FUSES: A fuse is a short piece of wire or thin strip which melts when excessive current flows through it for sufficient time. It is inserted in series with the circuit to be protected. Under normal operating conditions, the fuse element it at a temperature below its melting point. Therefore, it carries the normal load current without overheating. However, when a short circuit or overload occurs, the current through the fuse element increases beyond its rated capacity. This raises the temperature and the fuse element melts (or blows out), disconnecting the circuit protected by it.

[Top: Fuse on line, Right: Close-up photo of fuse, Left: fuse in a circuit.]

CIRCUIT BREAKER: A circuit breaker is equipment which can open or close a circuit under all conditions viz. no load, full load and fault conditions. It is so designed that it can be operated manually (or by remote control) under normal conditions and automatically under fault conditions. For the latter operation, a relay circuit is used with a circuit breaker. The circuit breaker essentially consists of moving and fixed contacts enclosed in strong metal tank and immersed in oil, known as transformer oil.

[Photograph of a large oil circuit breaker, under inspection]

[Fig: Fault clearing process] [Photograph of circuit breakers at a sub-station] Under normal operating conditions, the contacts remain closed and the circuit breaker carries the full-load current continuously. In this condition, the e.m.f. in the secondary winding of current transformer (C.T.) is insufficient to operate the trip coil of the breaker but the contacts can be opened (and hence the circuit can be opened) by manual or remote control. When a fault occurs, the resulting overcurrent in the C.T. primary winding increases the secondary e.m.f. This energises the trip coil of the breaker and moving contacts are pulled down, thus opening the contacts and hence the circuit. The arc produced during the opening operation is quenched by the oil. It is interesting to note that relay performs the function of detecting a fault whereas the circuit breaker does the actual circuit interruption.

RELAYS: A relay is a device which detects the fault and supplies information to the breaker for circuit interruption. It can be divided into three parts viz.

(i) The primary winding of a current transformer (C.T.) which is connected in series with the circuit to be protected. The primary winding often consists of the main conductor itself.

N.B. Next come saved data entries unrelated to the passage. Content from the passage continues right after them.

theorem corollary1:
  fixes Q :: "('x::finite \<Rightarrow> real) \<Rightarrow> ('x \<Rightarrow> real)" and t :: real
  assumes "lower_transition_rate_operator Q" and "t > 0"
  shows "ergodic Q \<longleftrightarrow> regularly_absorbing (lower_T Q t)"
proof
  note Q = assms(1)
  have T: "lower_transition_operator (lower_T Q t)"
    using assms by (intro lower_T_is_lower_transition_operator) auto
  show "regularly_absorbing (lower_T Q t)" if "ergodic Q"
    using convergent_funpow_lower_T_if_ergodic[OF Q that \<open>t > 0\<close>]
    by (rule regularly_absorbing_if_convergent[OF T])
  show "ergodic Q" if RA: "regularly_absorbing (lower_T Q t)"
  proof -
    obtain N q where "N \<ge> 1" "0 \<le> q" "q < 1"
      and contr: "\<And>h. oscillation ((lower_T Q t ^^ N) h) \<le> q * oscillation h"
      using regularly_absorbing_oscillation_contraction[OF T RA] by blast
    have "0 < N * t" using \<open>t > 0\<close> \<open>N \<ge> 1\<close> by simp
    moreover have "oscillation (lower_T Q (N * t) h) \<le> q * oscillation h" for h
      using contr[of h] \<open>t > 0\<close> by (simp add: funpow_lower_T[OF Q])
    ultimately show ?thesis using \<open>0 \<le> q\<close> \<open>q < 1\<close> ergodic_if_oscillation_contraction[OF Q] by blast
  qed
qed

end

(ii) The second circuit is the secondary winding of C.T. connected to the relay operating coil.

(iii) The third circuit is the tripping circuit which consists of a source of supply, trip coil of circuit breaker and the relay stationary contacts. Under normal load conditions, the e.m.f. of the secondary winding of C.T. is small and the current flowing in the relay operating coil is insufficient to close the relay contacts. This keeps the trip coil of the circuit breaker unenergised. Consequently, the contacts of the circuit breaker remain closed and it carries the normal load current. When a fault occurs, a large current flows through the primary of C.T. This increases the secondary e.m.f. and hence the current through the relay operating coil. The relay contacts are closed and the trip coil of the circuit breaker is energised to open the contacts of the circuit breaker.

[Siemens overload relay family]

POWER SYSTEM PROTECTION

The primary purpose of power system protection is to ensure safe operation of power systems, thus to care for the safety of people, personnel and equipment. Furthermore, the task is to minimize the impact of un- avoidable faults in the system. From an electrical point of view, dangerous situations can occur from overcurrents and overvoltages. For example, an asynchronous coupling of networks results in high currents. Earth faults can cause high touch voltages and therefore endanger people. The general problem is always voltage and/or current out of limit. Hence, the aim is to avoid overcurrents and overvoltages to guarantee secure operation of power systems. For the safety of the components it is also necessary to regard device specific concerns, for example oil temperature in transformers, gas pressure in gas insulated components etc. These points are not directly related to electrical values, but, as mentioned, they always come from or lead to un-allowed high voltages or currents. Another issue is mechanical stress. Whenever power is converted electromechanically, one has to consider not only the electrical but also the mechanical equipment. An example is mechanical resonance of steam turbines due to under frequency.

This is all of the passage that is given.